石戸霞さんだ。春さんもすぐ横に控えている。
「あ、あ、あああ、あの、こ、これは……?」
「ふふ、そんなに緊張なさらないでください。呼びつけたのはこちらなのですから……望さんは、大人の方から、事情を説明をさせていただけないでしょうか」
「はい。そ、それは、もちろんです……!」
代表として前に出た望さんは、ひどく緊張しているみたいだった。
そういえば、さっきちらっと憧ちゃんが言っていたっけ。
神社の中でも上下関係があって、霧島は最も格が高い家柄を持っているんだとか。
格の高そうな雰囲気を持った大人の巫女さんに連れられて、後ろの別な部屋に入っていく。
「皆さんもどうぞ座って、楽にしてください」
「あ、あのっ……!」
しかし、そんな緊張感漂う新子家とは真逆に、しずちゃんだけがテンション爆上がりであった。

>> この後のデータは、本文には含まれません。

(* Let $X$ be a mixed-stable sequence with respect to a full BST $T$. For every leaf $u$ of $T$ there are non-negative integers $a(u),b(u)$ such that the queries to $u$ occur exactly once every $2^{a(u)}3^{b(u)}$ consecutive queries of $X$. Consequently, the length of the atomic sequence of $X$ is $$2^{\max_u a(u)}\cdot 3^{\max_u b(u)},$$ the maxima being over leaves $u$. Moreover, if $X$ is strongly-stable then $b(u)=0$ for all leaves $u$, and if $X$ is weakly-stable then $a(u)=0$ for all leaves $u$.
   Context: Stable sequences. Let $T$ be a full binary search tree (every inner node has exactly two children), and let $X$ be a query sequence consisting only of keys stored at leaves of $T$. For an inner node $v$, let $X_v$ be the subsequence of $X$ consisting of the queries to keys in the subtree of $v$. - The node $v$ is strongly-stable if consecutive queries of $X_v$ alternate between the left and right subtrees of $v$. - The node $v$ is weakly-stable with a left bias if its left child $u$ is an inner node and $X_v$ repeats cyclically (from some starting phase) the pattern: a query in the left subtree of $u$, then one in the right subtree of $u$, then one in the right subtree of $v$. - Weakly-stable with a right bias is the mirror image: $u$ is the right child of $v$, and the pattern is right subtree of $u$, left subtree of $u$, left subtree of $v$. In both weakly-stable cases $u$ is called the favored child of $v$. $X$ (and $T$) is mixed-stable if every inner node of $T$ is strongly-stable or weakly-stable. It is strongly-stable if every inner node is strongly-stable, and weakly-stable if exactly half of the inner nodes are weakly-stable. Given $T$, the stability type of each inner node, and the subtree each node's pattern starts with, the stable sequence is determined up to its length. Its atomic sequence is the shortest such sequence all of whose repetitions are again such stable sequences. *)

theory Defs
  imports Main "HOL-Library.Sublist"
begin

text \<open>Nodes are addressed by paths from the root (False = go left, True = go right).
  Keys are stored at leaves, so a key is identified with the path of its leaf.\<close>

datatype fbt = Leaf | Node fbt fbt

fun leaves :: "fbt \<Rightarrow> bool list set" where
  "leaves Leaf = {[]}"
| "leaves (Node l r) = Cons False ` leaves l \<union> Cons True ` leaves r"

fun inners :: "fbt \<Rightarrow> bool list set" where
  "inners Leaf = {}"
| "inners (Node l r) = {[]} \<union> Cons False ` inners l \<union> Cons True ` inners r"

definition query_seq :: "fbt \<Rightarrow> (nat \<Rightarrow> bool list) \<Rightarrow> bool" where
  "query_seq T X \<longleftrightarrow> (\<forall>i. X i \<in> leaves T)"

definition consec :: "(nat \<Rightarrow> bool list) \<Rightarrow> bool list \<Rightarrow> nat \<Rightarrow> nat \<Rightarrow> bool" where
  "consec X v i j \<longleftrightarrow> i < j \<and> prefix v (X i) \<and> prefix v (X j) \<and>
     (\<forall>k. i < k \<and> k < j \<longrightarrow> \<not> prefix v (X k))"

definition strongly_stable_node :: "(nat \<Rightarrow> bool list) \<Rightarrow> bool list \<Rightarrow> bool" where
  "strongly_stable_node X v \<longleftrightarrow>
     (\<forall>i j. consec X v i j \<longrightarrow>
        (prefix (v @ [False]) (X i) \<longleftrightarrow> prefix (v @ [True]) (X j)))"

definition cyclic3 :: "(nat \<Rightarrow> bool list) \<Rightarrow> bool list \<Rightarrow> bool list \<Rightarrow> bool list \<Rightarrow> bool list \<Rightarrow> bool" where
  "cyclic3 X v p0 p1 p2 \<longleftrightarrow>
     (\<forall>i j. consec X v i j \<longrightarrow>
        (prefix (v @ p0) (X i) \<longrightarrow> prefix (v @ p1) (X j)) \<and>
        (prefix (v @ p1) (X i) \<longrightarrow> prefix (v @ p2) (X j)) \<and>
        (prefix (v @ p2) (X i) \<longrightarrow> prefix (v @ p0) (X j)))"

ずいっと前に出て、目をぴかぴかと星のように輝かせながら、瞬間移動のごとく石戸さん迫った。
「今日の試合すごかったです! わたし、すっごく感動しました!」
「あら、嬉しいわ。ありがとう」
前に出ている感情は、完全に憧れの眼差しである。石戸さんも満更ではなさそうだ。
「神代小蒔さんもすごかったですけど、石戸さんの打ち方も目から鱗で……!」
「ふふふっ」
「えっと、えっと、それで……あの。どうして憧だけじゃなくてわたしたちを呼んだんですか?」
しずちゃんは途中で冷静になって、結果的に、わたしたちの言いたかったことを全部言ってくれた。
石戸さんは表情一つ変えずに、穏やかに微笑んで、その問いに答えた。